UCS releases Climate Science vs. Fossil Fuel Fiction, which highlights key statements of misinformation disseminated by major fossil fuel companies.
BP confirms that it has stopped supporting the ALEC. UCS met with BP the previous fall urging the company to leave ALEC and then followed that request with growing calls from our supporters and allies.
UCS releases Stormy Seas, Rising Risks: What Investors Should Know about Climate Change Impacts at Oil Refineries, which focuses on facilities run by the top five US refining companies and assesses both the extent of their climate risk as well as the companies’ failure to address that risk and publicly disclose it to their investors.
UCS calls out oil industry attacks on effective climate policy in California.
UCS partners with CDP (formerly the Carbon Disclosure Project) on a questionnaire to shed light on the relationship between companies and their trade associations. The resulting report, Tricks of the Trade, showed that many companies indicated that they do not agree with the climate policy positions of their trade associations, and that many companies are not yet willing to be transparent about their political activity through trade associations.
UCS helps promote ground-breaking research by Richard Heede of the Climate Accountability Institute (CAI) tracing nearly two-thirds of all industrial carbon dioxide and methane released into the atmosphere since 1854 to fossil fuel and cement production by just 90 entities.
UCS releases an interactive slideshow, Exposing the Disinformation Playbook, outlining some of the tactics used by leading fossil fuel companies to spread disinformation and delay action on climate change and showing how similar they are to tactics used by the tobacco industry to mislead the public about the dangers of smoking.
A UCS investigation reviewing more than 1,000 articles and opinion pieces in nine major media outlets between 2001 and 2011 shows that the US news media routinely fail to inform the public about the fossil fuel industry funders behind climate change contrarian think tanks.

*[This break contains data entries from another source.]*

(* After x = t/(1-t) the quartic becomes quart a t / (1-t)^4; quart' is its t-derivative. *)
definition quart :: "real \<Rightarrow> real \<Rightarrow> real" where
  "quart a t = t^4 + 2*a*t^2*(1 - t)^2 + (1 - t)^4"

definition quart' :: "real \<Rightarrow> real \<Rightarrow> real" where
  "quart' a t = 4*t^3 + 2*a*(2*t*(1 - t)^2 - 2*t^2*(1 - t)) - 4*(1 - t)^3"

(* The sum-of-squares form shows positivity for a > -1 and controls the arccos argument below. *)
lemma quart_sum_of_squares: "quart a t = (1 - 2*t)^2 + 2*(a + 1)*t^2*(1 - t)^2"
  unfolding quart_def by (simp add: algebra_simps power2_eq_square power4_eq_xxxx)

lemma quart_pos:
  assumes "a > -1"
  shows "quart a t > 0"
proof (cases "t = 1/2")
  case True
  then have "2*(a + 1)*t^2*(1 - t)^2 > 0" using assms by simp
  moreover have "(1 - 2*t)^2 \<ge> 0" by simp
  ultimately show ?thesis unfolding quart_sum_of_squares by linarith
next
  case False
  then have "(1 - 2*t)^2 > 0" by simp
  moreover have "2*(a + 1)*t^2*(1 - t)^2 \<ge> 0" using assms by simp
  ultimately show ?thesis unfolding quart_sum_of_squares by linarith
qed

lemma quart_nonzero: "a > -1 \<Longrightarrow> quart a t \<noteq> 0"
  using quart_pos[of a t] by simp

lemma quart_continuous [continuous_intros]:
  "continuous_on S f \<Longrightarrow> continuous_on S g \<Longrightarrow> continuous_on S (\<lambda>x. quart (f x) (g x))"
  unfolding quart_def by (intro continuous_intros)

lemma quart_deriv_t: "((\<lambda>t. quart a t) has_real_derivative quart' a t) (at t)"
  unfolding quart_def[abs_def] quart'_def by (auto intro!: derivative_eq_intros simp: algebra_simps)

lemma quart_deriv_a: "((\<lambda>a. quart a t) has_real_derivative 2*t^2*(1 - t)^2) (at a)"
  unfolding quart_def by (auto intro!: derivative_eq_intros)

lemma quart_symmetric: "quart a (1 - t) = quart a t"
  unfolding quart_def by (simp add: algebra_simps)

(* The integrand on [0,1] after substitution, and the kernel appearing in its a-derivative. *)
definition integrand :: "nat \<Rightarrow> real \<Rightarrow> real \<Rightarrow> real" where
  "integrand m a t = (1 - t)^(4*m + 2) / quart a t^(m + 1)"

definition integrand_a :: "nat \<Rightarrow> real \<Rightarrow> real \<Rightarrow> real" where
  "integrand_a m a t = t^2 * (1 - t)^(4*m + 4) / quart a t^(m + 2)"

definition N :: "nat \<Rightarrow> real \<Rightarrow> real" where
  "N m a = integral {0..1} (integrand m a)"

lemma integrand_continuous: "a > -1 \<Longrightarrow> continuous_on S (integrand m a)"
  unfolding integrand_def by (intro continuous_intros) (auto simp: quart_nonzero)

lemma integrand_has_integral: "a > -1 \<Longrightarrow> (integrand m a has_integral N m a) {0..1}"
  unfolding N_def by (intro integrable_integral integrable_continuous_interval integrand_continuous)

lemma integrand_a_has_integral:
  "a > -1 \<Longrightarrow> (integrand_a m a has_integral integral {0..1} (integrand_a m a)) {0..1}"
  unfolding integrand_a_def
  by (intro integrable_integral integrable_continuous_interval continuous_intros) (auto simp: quart_nonzero)

lemma integrand_deriv_a:
  assumes "a > -1"
  shows "((\<lambda>a. integrand m a t) has_real_derivative -2 * real (m + 1) * integrand_a m a t) (at a)"
proof -
  define q where "q = quart a t"
  define u where "u = (1 - t)^(4*m + 2)"
  have q: "q \<noteq> 0" using quart_nonzero[OF assms] by (simp add: q_def)
  have deriv: "((\<lambda>a. integrand m a t) has_real_derivative
      (0 * q^(m + 1) - u * (real (m + 1) * (2*t^2*(1 - t)^2 * q^(m + 1 - Suc 0)))) / (q^(m + 1) * q^(m + 1))) (at a)"
    unfolding integrand_def q_def u_def using q[unfolded q_def]
    by (intro DERIV_divide DERIV_const DERIV_power quart_deriv_a) auto
  have "(1 - t)^(4*m + 4) = u * (1 - t)^2"
    unfolding u_def by (metis add.assoc numeral_Bit0 power_add)
  then have "(0 * q^(m + 1) - u * (real (m + 1) * (2*t^2*(1 - t)^2 * q^(m + 1 - Suc 0)))) / (q^(m + 1) * q^(m + 1))
      = -2 * real (m + 1) * integrand_a m a t"
    unfolding integrand_a_def q_def[symmetric] using q by (simp add: field_simps)
  with deriv show ?thesis by simp
qed

lemma N_deriv:
  assumes "a > -1"
  shows "(N m has_real_derivative -2 * real (m + 1) * integral {0..1} (integrand_a m a)) (at a)"
proof -
  have "((\<lambda>x. integral (cbox 0 1) (integrand m x)) has_field_derivative
          integral (cbox 0 1) (\<lambda>t. -2 * real (m + 1) * integrand_a m a t)) (at a within {-1<..})"
  proof (rule leibniz_rule_field_derivative)
    fix x t :: real assume "x \<in> {-1<..}"
    then show "((\<lambda>x. integrand m x t) has_field_derivative -2 * real (m + 1) * integrand_a m x t)
                 (at x within {-1<..})"
      using integrand_deriv_a[of x m t] by (simp add: has_field_derivative_at_within)
  next
    fix x :: real assume "x \<in> {-1<..}"
    then show "integrand m x integrable_on cbox 0 1"
      by (intro integrable_continuous integrand_continuous) simp
  next
    have "\<forall>p\<in>{-1<..} \<times> cbox 0 1. quart (fst p) (snd p) \<noteq> 0" by (auto simp: quart_nonzero)
    then show "continuous_on ({-1<..} \<times> cbox 0 1) (\<lambda>(x, t). -2 * real (m + 1) * integrand_a m x t)"
      unfolding integrand_a_def split_beta by (intro continuous_intros) auto
  qed (use assms in auto)
  moreover have "at a within {-1<..} = at a"
    using assms by (intro at_within_open) auto
  ultimately show ?thesis
    unfolding N_def[abs_def] by simp
qed

(* The polynomial identity behind the integration by parts. *)
lemma quart_ibp_identity:
  "(1 - t) * quart a t - (4 * real m + 3) * t * quart a t - (real m + 1) * t * (1 - t) * quart' a t
   = quart a t - 4 * (real m + 1) * (quart a t - a * t^2 * (1 - t)^2 - (1 - t)^4)"
  unfolding quart_def quart'_def
  by (simp add: algebra_simps power2_eq_square power3_eq_cube power4_eq_xxxx)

UCS releases Assessing Trade and Business Groups' Positions on Climate Change examining the climate change positions taken by 14 trade and business associations that have been most active on climate policy.
UCS partners with CAI to hold a two-day workshop in La Jolla, California that brings together two dozen leading scholars and practitioners to discuss how lessons from tobacco control might inform public and policy maker understanding of fossil fuel company responsibilities for climate change. Publishes Establishing Accountability for Climate Change Damages: Lessons from Tobacco Control on the proceedings.

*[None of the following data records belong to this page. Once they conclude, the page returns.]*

lemma increasing_le:
  fixes z :: "nat \<Rightarrow> 'a :: order"
  assumes "\<And>k. Suc k < K \<Longrightarrow> z k < z (Suc k)" "i \<le> j" "j < K"
  shows "z i \<le> z j"
  using increasing_less[of K z i j, OF assms(1)] assms(2,3) by (cases "i = j") auto

lemma interlaced_increasing:
  fixes t z :: "nat \<Rightarrow> 'a :: order"
  assumes "\<And>k. Suc k < K \<Longrightarrow> t k < z k \<and> z k < t (Suc k)" "Suc k < K - 1"
  shows "z k < z (Suc k)"
proof -
  have "Suc k < K" "Suc (Suc k) < K" using assms(2) by auto
  then have "z k < t (Suc k)" "t (Suc k) < z (Suc k)" using assms(1) by blast+
  then show ?thesis by (rule less_trans)
qed

lemma gaps_disjoint:
  fixes t :: "nat \<Rightarrow> 'a :: linorder"
  assumes t: "\<And>k. k < m \<Longrightarrow> t k < t (Suc k)" and "k < m" "l < m" "k \<noteq> l"
  shows "{t k<..<t (Suc k)} \<inter> {t l<..<t (Suc l)} = {}"
proof -
  have *: "{t i<..<t (Suc i)} \<inter> {t j<..<t (Suc j)} = {}" if "i < j" "j < m" for i j
  proof -
    have "t (Suc i) \<le> t j"
      using increasing_le[of "Suc m" t "Suc i" j] t that by simp
    then show ?thesis by auto
  qed
  show ?thesis
  proof (cases "k < l")
    case True
    then show ?thesis using *[of k l] assms(3) by blast
  next
    case False
    then show ?thesis using *[of l k] assms(2,4) by auto
  qed
qed
lemma rational_exp_form_imp_coprime_quotient:
  assumes "rational_exp_form m U"
  obtains P Q :: "real poly" and \<alpha> :: real
  where "coprime P Q" "poly P 0 = 0" "\<And>\<xi>. poly Q (exp (\<alpha> * \<xi>)) \<noteq> 0"
    "U = (\<lambda>\<xi>. poly P (exp (\<alpha> * \<xi>)) / poly Q (exp (\<alpha> * \<xi>)))"
proof -
  obtain a b :: "nat \<Rightarrow> real" and \<alpha> :: real where rep: "\<forall>\<xi>.
      1 + (\<Sum>r=1..m+1. b r * exp (real r * \<alpha> * \<xi>)) \<noteq> 0 \<and>
      U \<xi> = (\<Sum>k=1..m. a k * exp (real k * \<alpha> * \<xi>)) /
             (1 + (\<Sum>r=1..m+1. b r * exp (real r * \<alpha> * \<xi>)))"
    using assms unfolding rational_exp_form_def by blast
  define P0 :: "real poly" where "P0 = (\<Sum>k=1..m. monom (a k) k)"
  define Q0 :: "real poly" where "Q0 = 1 + (\<Sum>r=1..m+1. monom (b r) r)"
  have "exp (real k * \<alpha> * \<xi>) = exp (\<alpha> * \<xi>) ^ k" for k \<xi>
    by (metis exp_of_nat_mult mult.assoc)
  then have "poly P0 (exp (\<alpha> * \<xi>)) = (\<Sum>k=1..m. a k * exp (real k * \<alpha> * \<xi>))"
    and "poly Q0 (exp (\<alpha> * \<xi>)) = 1 + (\<Sum>r=1..m+1. b r * exp (real r * \<alpha> * \<xi>))" for \<xi>
    by (simp_all add: P0_def Q0_def poly_sum poly_monom)
  with rep have Q0: "poly Q0 (exp (\<alpha> * \<xi>)) \<noteq> 0"
    and U: "U \<xi> = poly P0 (exp (\<alpha> * \<xi>)) / poly Q0 (exp (\<alpha> * \<xi>))" for \<xi>
    by auto
  have "poly P0 0 = 0" "poly Q0 0 = 1"
    by (simp_all add: P0_def Q0_def poly_sum poly_monom)
  define G where "G = gcd P0 Q0"
  define P Q where "P = P0 div G" and "Q = Q0 div G"
  have "Q0 \<noteq> 0"
    using \<open>poly Q0 0 = 1\<close> by auto
  then have "coprime P Q"
    unfolding P_def Q_def G_def by (intro div_gcd_coprime) auto
  moreover have PG: "P0 = P * G" and QG: "Q0 = Q * G"
    by (simp_all add: P_def Q_def G_def)
  moreover have "poly P 0 = 0"
    using \<open>poly P0 0 = 0\<close> \<open>poly Q0 0 = 1\<close> by (auto simp: PG QG)
  moreover have "poly Q (exp (\<alpha> * \<xi>)) \<noteq> 0" "poly G (exp (\<alpha> * \<xi>)) \<noteq> 0" for \<xi>
    using Q0[of \<xi>] by (simp_all add: QG)
  ultimately show ?thesis
    using U by (intro that[of P Q \<alpha>]) (simp_all add: fun_eq_iff)
qed
(* Let $U$ be an $\mathrm{OST}$-monoid, $V$ a supertropical monoid, and $\alpha:U\to V$ a surjective transmission such that for every $p\in V$ the fiber $\alpha^{-1}(p)$ is convex in $U$. Then $V$, equipped with the total ordering induced by $\alpha$, is an $\mathrm{OST}$-monoid.
   Context: A supertropical monoid is a commutative monoid $(U,\cdot)$ with absorbing element $0$ and distinguished idempotent $e$ with $ex=0\Rightarrow x=0$, together with a total ordering $\le_M$ on $M:=eU$, compatible with multiplication and with $0$ least, making $M$ a bipotent semiring. A transmission $\alpha:U\to V$ is a map with $\alpha(0)=0$, $\alpha(1)=1$, multiplicative, $\alpha(e_U)=e_V$, order-preserving on $eU$. An OST-monoid is a supertropical monoid $U$ with a total ordering $\le$ on $U$ such that: (OST1) $x\le y\Rightarrow xz\le yz$; (OST2) on $M$ the ordering $\le$ coincides with $\le_M$; (OST3) $0\le1\le e$. A subset $C$ of a totally ordered set $X$ is convex if $x,y\in C$, $z\in X$, $x\le z\le y$ imply $z\in C$. If $f:X\to Y$ is a surjection from a totally ordered set with convex fibers, the ordering induced by $f$ is the unique total ordering on $Y$ making $f$ order preserving. *)

theory Defs
  imports Main
begin

text \<open>A commutative monoid with absorbing zero, a distinguished idempotent e,
  and an ordering leM intended to be a total order on the ghost ideal M = e U.\<close>
record 'a stm =
  carrier :: "'a set"
  mult    :: "'a \<Rightarrow> 'a \<Rightarrow> 'a"
  zero    :: 'a
  one     :: 'a
  ee      :: 'a
  leM     :: "'a \<Rightarrow> 'a \<Rightarrow> bool"

definition total_order_on :: "'a set \<Rightarrow> ('a \<Rightarrow> 'a \<Rightarrow> bool) \<Rightarrow> bool" where
  "total_order_on A le \<longleftrightarrow>
     (\<forall>x\<in>A. le x x) \<and>
     (\<forall>x\<in>A. \<forall>y\<in>A. le x y \<and> le y x \<longrightarrow> x = y) \<and>
     (\<forall>x\<in>A. \<forall>y\<in>A. \<forall>z\<in>A. le x y \<and> le y z \<longrightarrow> le x z) \<and>
     (\<forall>x\<in>A. \<forall>y\<in>A. le x y \<or> le y x)"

UCS releases A Climate of Corporate Control that looks at statements and actions on climate science and policy by 28 US companies, including ExxonMobil; shows how these contributions can be problematic; and suggests steps that Congress, the public, the media, and companies themselves can take to address the problem.

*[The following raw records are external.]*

lemma tensor_cutoff_factors_eq_sum_mix_op:
  "tensor (cutoff_factors k m j) z = (\<Sum>e\<in>UNIV. mix_op e (tensor (lift_factors k m j e)) z)"
proof -
  have "mix_op e (tensor (lift_factors k m j e)) z = (\<Prod>i\<in>UNIV. if i \<in> e
      then deriv (deriv (lift (cos_cutoff (k $ i) j))) (z $ i + of_int (m $ i))
      else correction (cos_cutoff (k $ i) j) (z $ i + of_int (m $ i)))" for e
    by (auto simp: mix_op_tensor[OF smooth_lift_factors] tensor_def lift_factors_def deriv_translate
        smooth_deriv smooth_lift_cos_cutoff translate_def intro!: prod.cong)
  then have "(\<Sum>e\<in>UNIV. mix_op e (tensor (lift_factors k m j e)) z) = (\<Prod>i\<in>UNIV.
      deriv (deriv (lift (cos_cutoff (k $ i) j))) (z $ i + of_int (m $ i))
      + correction (cos_cutoff (k $ i) j) (z $ i + of_int (m $ i)))"
    by (simp add: sum_subsets_prod_if)
  then show ?thesis
    by (simp add: deriv2_lift_add_correction smooth_cos_cutoff vanishes_off_unit_cos_cutoff
        tensor_def cutoff_factors_def translate_def)
qed

lemma integral_mult_tensor_cutoff_factors:
  assumes f: "f \<in> H2mix"
  shows "(\<integral>x. f x * tensor (cutoff_factors k m j) x \<partial>lborel)
    = (\<Sum>e\<in>UNIV. \<integral>x. mix_deriv f e x * tensor (lift_factors k m j e) x \<partial>lborel)"
proof -
  have "integrable lborel (\<lambda>x. f x * mix_op e (tensor (lift_factors k m j e)) x)" for e
    using integrable_mult_tensor[OF H2mix_L2[OF f] cube_supported_mix_op_lift_factors]
    by (simp add: mix_op_tensor[OF smooth_lift_factors])
  then have "(\<integral>x. f x * tensor (cutoff_factors k m j) x \<partial>lborel)
      = (\<Sum>e\<in>UNIV. \<integral>x. f x * mix_op e (tensor (lift_factors k m j e)) x \<partial>lborel)"
    by (simp add: tensor_cutoff_factors_eq_sum_mix_op sum_distrib_left Bochner_Integration.integral_sum)
  also have "\<dots> = (\<Sum>e\<in>UNIV. \<integral>x. mix_deriv f e x * tensor (lift_factors k m j e) x \<partial>lborel)"
    using weak_mix_deriv_mix_deriv[OF f] test_fun_tensor_lift_factors
    unfolding weak_mix_deriv_def by (intro sum.cong) blast+
  finally show ?thesis .
qed

lemma tensor_cutoff_factors_tendsto:
  "(\<lambda>j. tensor (cutoff_factors k m j) x) \<longlonglongrightarrow> tensor (cos_factors k m) x"
  unfolding tensor_def cutoff_factors_def cos_factors_def translate_def
  by (intro tendsto_prod cos_cutoff_tendsto)
lemma exp_rescaled_potential_step_le:
  fixes a c lam Fb \<eta> G r0 d d' al al' :: real
  defines "W \<equiv> (d' - d) / al"
  assumes c: "c > 0" and a: "a > 0" and lam: "lam > 0" and \<eta>: "\<eta> > 0"
    and G: "r0 * exp (Fb / c) * (1 + Fb / (2 * c)) \<le> G" "\<eta> * G \<le> lam / 2"
    and d: "0 \<le> d" "d \<le> Fb" and d': "0 \<le> d'" "d' \<le> Fb"
    and al: "al > 0" "al' > 0" and r: "1 \<le> al / al'" "al / al' \<le> r0"
    and step: "1 / al' - 1 / al \<le> 1 / a"
  shows "exp (\<eta> * exp_potential c d' / al')
    \<le> exp (\<eta> * exp_potential c d / al + \<eta> * (c / a) * exp (d / c))
       * (1 + \<eta> * (al / al') * exp (d / c) * W
          + (\<eta> * r0 * exp (Fb / c) / (2 * c) * al * (32 / lam\<^sup>2) + \<eta>\<^sup>2 * G\<^sup>2 * (16 / lam\<^sup>2))
            * exp (lam * \<bar>W\<bar>))"
proof -
  define e L r where "e = exp (d / c)" and "L = exp (Fb / c)" and "r = al / al'"
  define q where "q = L / (2 * c) * al * W\<^sup>2"
  define x where "x = \<eta> * r * (e * W + q)"
  have e: "1 \<le> e" "e \<le> L"
    unfolding e_def L_def using c d by (auto simp: divide_right_mono)
  have r0: "1 \<le> r0" using r by linarith
  have alW: "al * \<bar>W\<bar> \<le> Fb"
    unfolding W_def using al d d' by (simp add: abs_divide)
  have "exp_potential c d' / al' \<le> exp_potential c d / al + (c / a) * e + r * (e * W + q)"
    using exp_potential_rescaled_le[OF c a d d' al step] unfolding e_def L_def r_def q_def W_def .
  then have "\<eta> * (exp_potential c d' / al')
      \<le> \<eta> * (exp_potential c d / al + (c / a) * e + r * (e * W + q))"
    using \<eta> by (intro mult_left_mono) auto
  then have exponent: "\<eta> * exp_potential c d' / al' \<le> \<eta> * exp_potential c d / al + \<eta> * (c / a) * e + x"
    by (simp add: x_def distrib_left mult.assoc)
  have "\<bar>e * W + q\<bar> \<le> L * (1 + Fb / (2 * c)) * \<bar>W\<bar>"
    unfolding q_def by (rule abs_linear_plus_quadratic_le[OF e c al(1) alW])
  then have "\<eta> * r * \<bar>e * W + q\<bar> \<le> \<eta> * r0 * (L * (1 + Fb / (2 * c)) * \<bar>W\<bar>)"
    using \<eta> r e c unfolding r_def by (intro mult_mono mult_left_mono) auto
  moreover have "\<bar>x\<bar> = \<eta> * r * \<bar>e * W + q\<bar>"
    unfolding x_def r_def using \<eta> al by (simp add: abs_mult)
  ultimately have "\<bar>x\<bar> \<le> \<eta> * (r0 * L * (1 + Fb / (2 * c))) * \<bar>W\<bar>"
    by (simp add: mult_ac)
  also have "\<dots> \<le> \<eta> * G * \<bar>W\<bar>"
    using G \<eta> unfolding L_def by (intro mult_right_mono mult_left_mono) auto
  finally have x_abs: "\<bar>x\<bar> \<le> \<eta> * G * \<bar>W\<bar>" .
  have "1 * 1 * 1 \<le> r0 * L * (1 + Fb / (2 * c))"
    using r e c d by (intro mult_mono) auto
  then have exp_x: "exp x \<le> 1 + x + (\<eta> * G)\<^sup>2 * (16 / lam\<^sup>2) * exp (lam * \<bar>W\<bar>)"
    using exp_le_one_plus_exp_abs[OF lam _ G(2) x_abs] G(1) \<eta> unfolding L_def by simp
  have "W\<^sup>2 \<le> 32 / lam\<^sup>2 * exp (lam * \<bar>W\<bar> / 4)"
    by (rule square_le_exp_abs[OF lam])
  also have "\<dots> \<le> 32 / lam\<^sup>2 * exp (lam * \<bar>W\<bar>)"
    using lam by (intro mult_left_mono) auto
  finally have "(\<eta> * r) * (L / (2 * c) * al) * W\<^sup>2
      \<le> (\<eta> * r0) * (L / (2 * c) * al) * (32 / lam\<^sup>2 * exp (lam * \<bar>W\<bar>))"
    using \<eta> c al r e r0 unfolding r_def by (intro mult_mono) auto
  then have quad: "\<eta> * r * q \<le> \<eta> * r0 * L / (2 * c) * al * (32 / lam\<^sup>2) * exp (lam * \<bar>W\<bar>)"
    by (simp add: q_def mult_ac)
  have "x = \<eta> * r * e * W + \<eta> * r * q"
    by (simp add: x_def algebra_simps)
  then have "exp x \<le> 1 + \<eta> * r * e * W
      + (\<eta> * r0 * L / (2 * c) * al * (32 / lam\<^sup>2) + \<eta>\<^sup>2 * G\<^sup>2 * (16 / lam\<^sup>2)) * exp (lam * \<bar>W\<bar>)"
    using exp_x quad by (simp add: distrib_right power_mult_distrib)
  moreover have "exp (\<eta> * exp_potential c d' / al')
      \<le> exp (\<eta> * exp_potential c d / al + \<eta> * (c / a) * e) * exp x"
    using exponent by (simp flip: exp_add)
  ultimately show ?thesis
    unfolding e_def L_def r_def by (meson exp_ge_zero mult_left_mono order.trans)
qed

UCS releases Heads They Win, Tails We Lose: How Corporations Corrupt Science at the Public’s Expense. Included in the report are descriptions of how ExxonMobil downplayed scientific evidence on climate change, promoted experts to undermine the scientific consensus, and funded groups that worked to confuse the public. It also puts a spotlight on Phil Cooney, a former American Petroleum Institute executive who took a top position at ExxonMobil after he was caught rewriting climate change reports in the George W. Bush White House.
ExxonMobil pledges to stop funding certain of the climate denial groups in response to Smoke, Mirrors, and Hot Air report, including the Competitive Enterprise Institute.
UCS publishes Smoke, Mirrors and Hot Air: How ExxonMobil Uses Big Tobacco's Tactics to Manufacture Uncertainty on Climate Science. The report reveals that, between 1998 and 2005, ExxonMobil funneled nearly $16 million to a network of some 40 front groups to disseminate misinformation about climate science.